Park SR, Lee KD, Kim UK, Gil YG, Oh KS, Park BS, Kim GC - Yonsei Med. J. (2010)

Bottom Line: On the other hand, PEA significantly decreased the viability of YD-9 cells by deteriorating the HSP70-relating protecting system through inhibition of HSP70 expression and inducing apoptosis in YD-9 cells.While p53, p21, and E2F-1 were upregulated, cdk2 and cyclin B were downregulated by PEA treatment, suggesting that PEA caused cell cycle arrest at the G2/M checkpoint.Therefore, these results indicate that PEA reduced the chemoresistance through inhibition of HSP70 expression and also induced apoptosis in chemoresistant YD-9 cells.
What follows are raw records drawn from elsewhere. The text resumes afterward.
(* Consider the setting described in the context, with $\beta>0$, budget $C>1$, and $\xi\in(0,C-1]$. Let $\mathcal{L}_\beta^{\lambda}:=\max_{\pi\in\Pi}\mathcal{L}_\beta(\pi,\lambda)$ and let $\lambda^\ast\in\arg\min_{\lambda\ge0}\mathcal{L}_\beta^{\lambda}$ be an optimal dual variable. Then $$0\le\lambda^\ast\le\frac{\mathcal{L}_\beta^{\lambda^\ast}-\mathbb{P}_{(z,l)\sim\underline{\rho}}(\Phi_0(z)=l)}{\xi},$$ and hence the set $\Lambda^\ast$ of all optimal dual variables is bounded.
   Context: Let $\mathcal{Z}$ be a set of inputs and labels $l\in\{0,1\}$. Two judge functions $\Phi_0,\Phi_1:\mathcal{Z}\to\{0,1\}$ are given. The reward is $r(z,a,l)=\mathbb{I}(\Phi_a(z)=l)$ and the cost is $c:\mathcal{Z}\times\{0,1\}\to[0,\infty)$ with $c(z,0)=1$ for all $z$. Let $\rho,\underline{\rho},\overline{\rho}$ be fixed distributions on $\mathcal{Z}\times\{0,1\}$. A policy $\pi$ assigns to each $z$ a distribution $\pi(\cdot\mid z)$ on $\{0,1\}$; $\Pi$ is a class of policies containing the policy $\pi_0$ with $\pi_0(0\mid z)=1$ for all $z$. Entropy: $\mathcal{H}(\pi):=\mathbb{E}_{(z,l)\sim\rho}\big[-\sum_{a}\pi(a\mid z)\log\pi(a\mid z)\big]$. Regularized Lagrangian: $$\mathcal{L}_\beta(\pi,\lambda)=\mathbb{E}_{(z,l)\sim\underline{\rho},a\sim\pi(\cdot\mid z)}[r(z,a,l)]-\lambda\Big(\mathbb{E}_{(z,l)\sim\overline{\rho},a\sim\pi(\cdot\mid z)}[c(z,a)]-C\Big)+\beta\Big(\mathcal{H}(\pi)+\tfrac12\lambda^2\Big).$$ *)

theory Defs
  imports "HOL-Probability.Probability"
begin

(* Labels and actions in {0,1} are encoded as bool (False = 0, True = 1).
   A policy is pi :: 'z => bool => real, pi z a = pi(a|z). *)

definition is_policy :: "('z \<Rightarrow> bool \<Rightarrow> real) \<Rightarrow> bool" where
  "is_policy \<pi> \<longleftrightarrow> (\<forall>z a. 0 \<le> \<pi> z a) \<and> (\<forall>z. \<pi> z False + \<pi> z True = 1)"

definition pi0 :: "'z \<Rightarrow> bool \<Rightarrow> real" where
  "pi0 z a = (if a then 0 else 1)"

definition reward :: "(bool \<Rightarrow> 'z \<Rightarrow> bool) \<Rightarrow> 'z \<Rightarrow> bool \<Rightarrow> bool \<Rightarrow> real" where
  "reward \<Phi> z a l = (if \<Phi> a z = l then 1 else 0)"

(* entropy H(pi) = E_{(z,l)~rho}[ - sum_a pi(a|z) log pi(a|z) ]  (ln 0 = 0 in Isabelle, so 0 log 0 = 0) *)
definition entropy :: "('z \<times> bool) measure \<Rightarrow> ('z \<Rightarrow> bool \<Rightarrow> real) \<Rightarrow> real" where
  "entropy \<rho> \<pi> = (\<integral>x. - (\<Sum>a\<in>UNIV. \<pi> (fst x) a * ln (\<pi> (fst x) a)) \<partial>\<rho>)"

definition lagrangian ::
  "('z \<times> bool) measure \<Rightarrow> ('z \<times> bool) measure \<Rightarrow> ('z \<times> bool) measure \<Rightarrow>
   (bool \<Rightarrow> 'z \<Rightarrow> bool) \<Rightarrow> ('z \<Rightarrow> bool \<Rightarrow> real) \<Rightarrow> real \<Rightarrow> real \<Rightarrow>
   ('z \<Rightarrow> bool \<Rightarrow> real) \<Rightarrow> real \<Rightarrow> real" where
  "lagrangian \<rho> \<rho>l \<rho>u \<Phi> c C \<beta> \<pi> lam =
     (\<integral>x. (\<Sum>a\<in>UNIV. \<pi> (fst x) a * reward \<Phi> (fst x) a (snd x)) \<partial>\<rho>l)
     - lam * ((\<integral>x. (\<Sum>a\<in>UNIV. \<pi> (fst x) a * c (fst x) a) \<partial>\<rho>u) - C)
     + \<beta> * (entropy \<rho> \<pi> + 1/2 * lam\<^sup>2)"

definition dual_fun ::
  "('z \<times> bool) measure \<Rightarrow> ('z \<times> bool) measure \<Rightarrow> ('z \<times> bool) measure \<Rightarrow>
   (bool \<Rightarrow> 'z \<Rightarrow> bool) \<Rightarrow> ('z \<Rightarrow> bool \<Rightarrow> real) \<Rightarrow> real \<Rightarrow> real \<Rightarrow>
   ('z \<Rightarrow> bool \<Rightarrow> real) set \<Rightarrow> real \<Rightarrow> real" where
  "dual_fun \<rho> \<rho>l \<rho>u \<Phi> c C \<beta> Pol lam = (SUP \<pi>\<in>Pol. lagrangian \<rho> \<rho>l \<rho>u \<Phi> c C \<beta> \<pi> lam)"

definition optimal_duals ::
  "('z \<times> bool) measure \<Rightarrow> ('z \<times> bool) measure \<Rightarrow> ('z \<times> bool) measure \<Rightarrow>
   (bool \<Rightarrow> 'z \<Rightarrow> bool) \<Rightarrow> ('z \<Rightarrow> bool \<Rightarrow> real) \<Rightarrow> real \<Rightarrow> real \<Rightarrow>
   ('z \<Rightarrow> bool \<Rightarrow> real) set \<Rightarrow> real set" where
  "optimal_duals \<rho> \<rho>l \<rho>u \<Phi> c C \<beta> Pol =
     {lam. 0 \<le> lam \<and> (\<forall>\<mu>\<ge>0. dual_fun \<rho> \<rho>l \<rho>u \<Phi> c C \<beta> Pol lam \<le> dual_fun \<rho> \<rho>l \<rho>u \<Phi> c C \<beta> Pol \<mu>)}"

end

theory Submission
  imports Defs
begin

(* The default policy pi0 has zero entropy, unit cost and accuracy P := P(Phi_0(z) = l), so
   L_beta(pi0, lambda) = P + lambda (C - 1) + beta lambda^2 / 2.  Since every Lagrangian is
   bounded above uniformly in pi, the dual function dominates this value, and with
   xi <= C - 1 this gives lambda xi <= L_beta^lambda - P for every lambda >= 0.  All optimal
   dual variables share the same dual value, so they lie in one bounded interval. *)

lemma (in prob_space) integral_le_nonneg_const:
  fixes f :: "_ \<Rightarrow> real"
  assumes "0 \<le> c" and "\<And>x. f x \<le> c"
  shows "(\<integral>x. f x \<partial>M) \<le> c"
  \<comment> \<open>No integrability is needed: a non-integrable function has integral 0.\<close>
  using assms integral_le_const[of f c] not_integrable_integral_eq[of M f]
  by (cases "integrable M f") auto

lemma neg_mult_ln_le_one_minus:
  fixes p :: real
  assumes "0 \<le> p"
  shows "- (p * ln p) \<le> 1 - p"
proof (cases "p = 0")
  case False
  with assms have "0 < p" by simp
  then have "ln (1 / p) \<le> 1 / p - 1"
    by (intro ln_le_minus_one) simp
  then have "p * ln (1 / p) \<le> p * (1 / p - 1)"
    using \<open>0 < p\<close> by (intro mult_left_mono) auto
  then show ?thesis
    using \<open>0 < p\<close> by (simp add: ln_div algebra_simps)
qed simp

lemma is_policyD:
  assumes "is_policy \<pi>"
  shows "0 \<le> \<pi> z a" and "\<pi> z False + \<pi> z True = 1"
  using assms unfolding is_policy_def by auto

lemma expected_reward_le_one:
  assumes "prob_space M" and "is_policy \<pi>"
  shows "(\<integral>x. (\<Sum>a\<in>UNIV. \<pi> (fst x) a * reward \<Phi> (fst x) a (snd x)) \<partial>M) \<le> 1"
proof (rule prob_space.integral_le_nonneg_const[OF assms(1)])
  fix x
  have le: "\<pi> (fst x) a * reward \<Phi> (fst x) a (snd x) \<le> \<pi> (fst x) a" for a
    using is_policyD(1)[OF assms(2)] by (simp add: reward_def)
  show "(\<Sum>a\<in>UNIV. \<pi> (fst x) a * reward \<Phi> (fst x) a (snd x)) \<le> 1"
    using le[of False] le[of True] is_policyD(2)[OF assms(2), of "fst x"]
    by (simp add: UNIV_bool)
qed simp

lemma entropy_le_one:
  assumes "prob_space \<rho>" and "is_policy \<pi>"
  shows "entropy \<rho> \<pi> \<le> 1"
  unfolding entropy_def
proof (rule prob_space.integral_le_nonneg_const[OF assms(1)])
  fix x
  have le: "- (\<pi> (fst x) a * ln (\<pi> (fst x) a)) \<le> 1 - \<pi> (fst x) a" for a
    using is_policyD(1)[OF assms(2)] by (rule neg_mult_ln_le_one_minus)
  show "- (\<Sum>a\<in>UNIV. \<pi> (fst x) a * ln (\<pi> (fst x) a)) \<le> 1"
    using le[of False] le[of True] is_policyD(2)[OF assms(2), of "fst x"]
    by (simp add: UNIV_bool)
qed simp

lemma expected_cost_nonneg:
  assumes "\<forall>z a. 0 \<le> c z a" and "is_policy \<pi>"
  shows "0 \<le> (\<integral>x. (\<Sum>a\<in>UNIV. \<pi> (fst x) a * c (fst x) a) \<partial>M)"
  using assms is_policyD(1)[OF assms(2)]
  by (intro integral_nonneg_AE AE_I2 sum_nonneg mult_nonneg_nonneg) auto

lemma lagrangian_le:
  assumes "prob_space \<rho>" and "prob_space \<rho>l" and "\<forall>z a. 0 \<le> c z a"
    and "is_policy \<pi>" and "0 \<le> lam" and "0 \<le> \<beta>"
  shows "lagrangian \<rho> \<rho>l \<rho>u \<Phi> c C \<beta> \<pi> lam \<le> 1 + lam * C + \<beta> * (1 + 1/2 * lam\<^sup>2)"
proof -
  have "- lam * ((\<integral>x. (\<Sum>a\<in>UNIV. \<pi> (fst x) a * c (fst x) a) \<partial>\<rho>u) - C) \<le> lam * C"
    using expected_cost_nonneg[OF assms(3,4), of \<rho>u] assms(5) by (simp add: algebra_simps)
  moreover have "\<beta> * (entropy \<rho> \<pi> + 1/2 * lam\<^sup>2) \<le> \<beta> * (1 + 1/2 * lam\<^sup>2)"
    using entropy_le_one[OF assms(1,4)] assms(6) by (simp add: mult_left_mono)
  ultimately show ?thesis
    using expected_reward_le_one[OF assms(2,4), of \<Phi>] unfolding lagrangian_def by linarith
qed

lemma lagrangian_pi0:
  assumes "prob_space \<rho>u" and "\<forall>z. c z False = 1"
    and "{x \<in> space \<rho>l. \<Phi> False (fst x) = snd x} \<in> sets \<rho>l"
  shows "lagrangian \<rho> \<rho>l \<rho>u \<Phi> c C \<beta> pi0 lam =
     measure \<rho>l {x \<in> space \<rho>l. \<Phi> False (fst x) = snd x} + lam * (C - 1) + \<beta> / 2 * lam\<^sup>2"
proof -
  let ?A = "{x \<in> space \<rho>l. \<Phi> False (fst x) = snd x}"
  have "(\<integral>x. (\<Sum>a\<in>UNIV. pi0 (fst x) a * reward \<Phi> (fst x) a (snd x)) \<partial>\<rho>l)
        = (\<integral>x. indicator ?A x \<partial>\<rho>l)"
    by (rule Bochner_Integration.integral_cong) (auto simp: UNIV_bool pi0_def reward_def)
  also have "\<dots> = measure \<rho>l ?A"
    using assms(3) by simp
  finally have reward: "(\<integral>x. (\<Sum>a\<in>UNIV. pi0 (fst x) a * reward \<Phi> (fst x) a (snd x)) \<partial>\<rho>l)
        = measure \<rho>l ?A" .
  have cost: "(\<integral>x. (\<Sum>a\<in>UNIV. pi0 (fst x) a * c (fst x) a) \<partial>\<rho>u) = 1"
    using assms(1,2) by (simp add: UNIV_bool pi0_def prob_space.prob_space)
  have "entropy \<rho> pi0 = 0"
    unfolding entropy_def by (simp add: UNIV_bool pi0_def)
  then show ?thesis
    unfolding lagrangian_def reward cost by (simp add: algebra_simps)
qed

lemma lagrangian_pi0_le_dual_fun:
  assumes "prob_space \<rho>" and "prob_space \<rho>l" and "\<forall>z a. 0 \<le> c z a"
    and "\<forall>\<pi>\<in>Pol. is_policy \<pi>" and "pi0 \<in> Pol" and "0 \<le> lam" and "0 \<le> \<beta>"
  shows "lagrangian \<rho> \<rho>l \<rho>u \<Phi> c C \<beta> pi0 lam \<le> dual_fun \<rho> \<rho>l \<rho>u \<Phi> c C \<beta> Pol lam"
proof -
  have "bdd_above ((\<lambda>\<pi>. lagrangian \<rho> \<rho>l \<rho>u \<Phi> c C \<beta> \<pi> lam) ` Pol)"
    using lagrangian_le[OF assms(1-3) _ assms(6,7), of _ \<rho>u \<Phi> C] assms(4)
    by (intro bdd_aboveI2) auto
  then show ?thesis
    unfolding dual_fun_def using assms(5) by (rule cSUP_upper2) simp
qed

lemma dual_variable_le:
  assumes "prob_space \<rho>" and "prob_space \<rho>l" and "prob_space \<rho>u"
    and "\<forall>z a. 0 \<le> c z a" and "\<forall>z. c z False = 1"
    and "\<forall>\<pi>\<in>Pol. is_policy \<pi>" and "pi0 \<in> Pol"
    and "{x \<in> space \<rho>l. \<Phi> False (fst x) = snd x} \<in> sets \<rho>l"
    and "0 \<le> \<beta>" and "0 < \<xi>" and "\<xi> \<le> C - 1" and "0 \<le> lam"
  shows "lam \<le> (dual_fun \<rho> \<rho>l \<rho>u \<Phi> c C \<beta> Pol lam
                 - measure \<rho>l {x \<in> space \<rho>l. \<Phi> False (fst x) = snd x}) / \<xi>"
proof -
  have "lam * \<xi> \<le> lam * (C - 1)"
    using assms(11,12) by (rule mult_left_mono)
  also have "\<dots> \<le> lam * (C - 1) + \<beta> / 2 * lam\<^sup>2"
    using assms(9) by simp
  also have "\<dots> \<le> dual_fun \<rho> \<rho>l \<rho>u \<Phi> c C \<beta> Pol lam
                 - measure \<rho>l {x \<in> space \<rho>l. \<Phi> False (fst x) = snd x}"
    using lagrangian_pi0_le_dual_fun[OF assms(1,2,4,6,7,12,9), of \<rho>u \<Phi> C]
      lagrangian_pi0[where \<rho>l = \<rho>l and \<Phi> = \<Phi> and c = c, OF assms(3,5,8), of \<rho> C \<beta> lam]
    by simp
  finally show ?thesis
    using assms(10) by (simp add: pos_le_divide_eq)
qed

lemma optimal_duals_dual_fun_eq:
  assumes "lam \<in> optimal_duals \<rho> \<rho>l \<rho>u \<Phi> c C \<beta> Pol"
    and "\<mu> \<in> optimal_duals \<rho> \<rho>l \<rho>u \<Phi> c C \<beta> Pol"
  shows "dual_fun \<rho> \<rho>l \<rho>u \<Phi> c C \<beta> Pol lam = dual_fun \<rho> \<rho>l \<rho>u \<Phi> c C \<beta> Pol \<mu>"
  using assms unfolding optimal_duals_def by (auto intro: order.antisym)

theorem lemmaA3:
  fixes \<rho> \<rho>l \<rho>u :: "('z \<times> bool) measure"
    and \<Phi> :: "bool \<Rightarrow> 'z \<Rightarrow> bool"
    and c :: "'z \<Rightarrow> bool \<Rightarrow> real"
    and C \<beta> \<xi> lamstar :: real
    and Pol :: "('z \<Rightarrow> bool \<Rightarrow> real) set"
  assumes "prob_space \<rho>" and "prob_space \<rho>l" and "prob_space \<rho>u"
    and "\<forall>z a. 0 \<le> c z a" and "\<forall>z. c z False = 1"
    and "\<forall>\<pi>\<in>Pol. is_policy \<pi>" and "pi0 \<in> Pol"
    and "{x \<in> space \<rho>l. \<Phi> False (fst x) = snd x} \<in> sets \<rho>l"
    and "\<beta> > 0" and "C > 1" and "0 < \<xi>" and "\<xi> \<le> C - 1"
    and "lamstar \<in> optimal_duals \<rho> \<rho>l \<rho>u \<Phi> c C \<beta> Pol"
  shows "0 \<le> lamstar \<and>
         lamstar \<le> (dual_fun \<rho> \<rho>l \<rho>u \<Phi> c C \<beta> Pol lamstar
                 - measure \<rho>l {x \<in> space \<rho>l. \<Phi> False (fst x) = snd x}) / \<xi>
         \<and> bounded (optimal_duals \<rho> \<rho>l \<rho>u \<Phi> c C \<beta> Pol)"
proof -
  let ?D = "dual_fun \<rho> \<rho>l \<rho>u \<Phi> c C \<beta> Pol"
  let ?P = "measure \<rho>l {x \<in> space \<rho>l. \<Phi> False (fst x) = snd x}"
  let ?bound = "(?D lamstar - ?P) / \<xi>"
  have le_bound: "lam \<le> (?D lam - ?P) / \<xi>"
    if "0 \<le> lam" for lam
    using assms(9)
    by (intro dual_variable_le[where \<rho>l = \<rho>l and \<Phi> = \<Phi>, OF assms(1-8) _ assms(11,12) that]) simp
  have "optimal_duals \<rho> \<rho>l \<rho>u \<Phi> c C \<beta> Pol \<subseteq> {0 .. ?bound}"
  proof
    fix lam assume opt: "lam \<in> optimal_duals \<rho> \<rho>l \<rho>u \<Phi> c C \<beta> Pol"
    then have "0 \<le> lam"
      unfolding optimal_duals_def by simp
    then show "lam \<in> {0 .. ?bound}"
      using le_bound[of lam] optimal_duals_dual_fun_eq[OF opt assms(13)] by simp
  qed
  then have "bounded (optimal_duals \<rho> \<rho>l \<rho>u \<Phi> c C \<beta> Pol)"
    by (rule bounded_subset[OF bounded_closed_interval])
  moreover have "0 \<le> lamstar"
    using assms(13) unfolding optimal_duals_def by simp
  ultimately show ?thesis
    using le_bound by simp
qed

end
View Article: PubMed Central - PubMed

Affiliation: Department of Oral Anatomy, School of Dentistry, Research Institute for Oral Biotechnology, Pusan National University, Yangsan, Korea.

ABSTRACT

Purpose: Oral squamous carcinoma (OSCC) cells exhibit resistance to chemotherapeutic agent-mediated apoptosis in the late stage of malignancy. Increased levels of heat shock proteins 70 (HSP70) in cancer cells are known to confer resistance to apoptosis. Since recent advances in the understanding of bacterial toxins have produced new strategies for the treatment of cancers, we investigated the effect of Pseudomonas aeruginosa exotoxin A (PEA) on HSP70 expression and induction of apoptosis in chemoresistant OSCC cell line (YD-9).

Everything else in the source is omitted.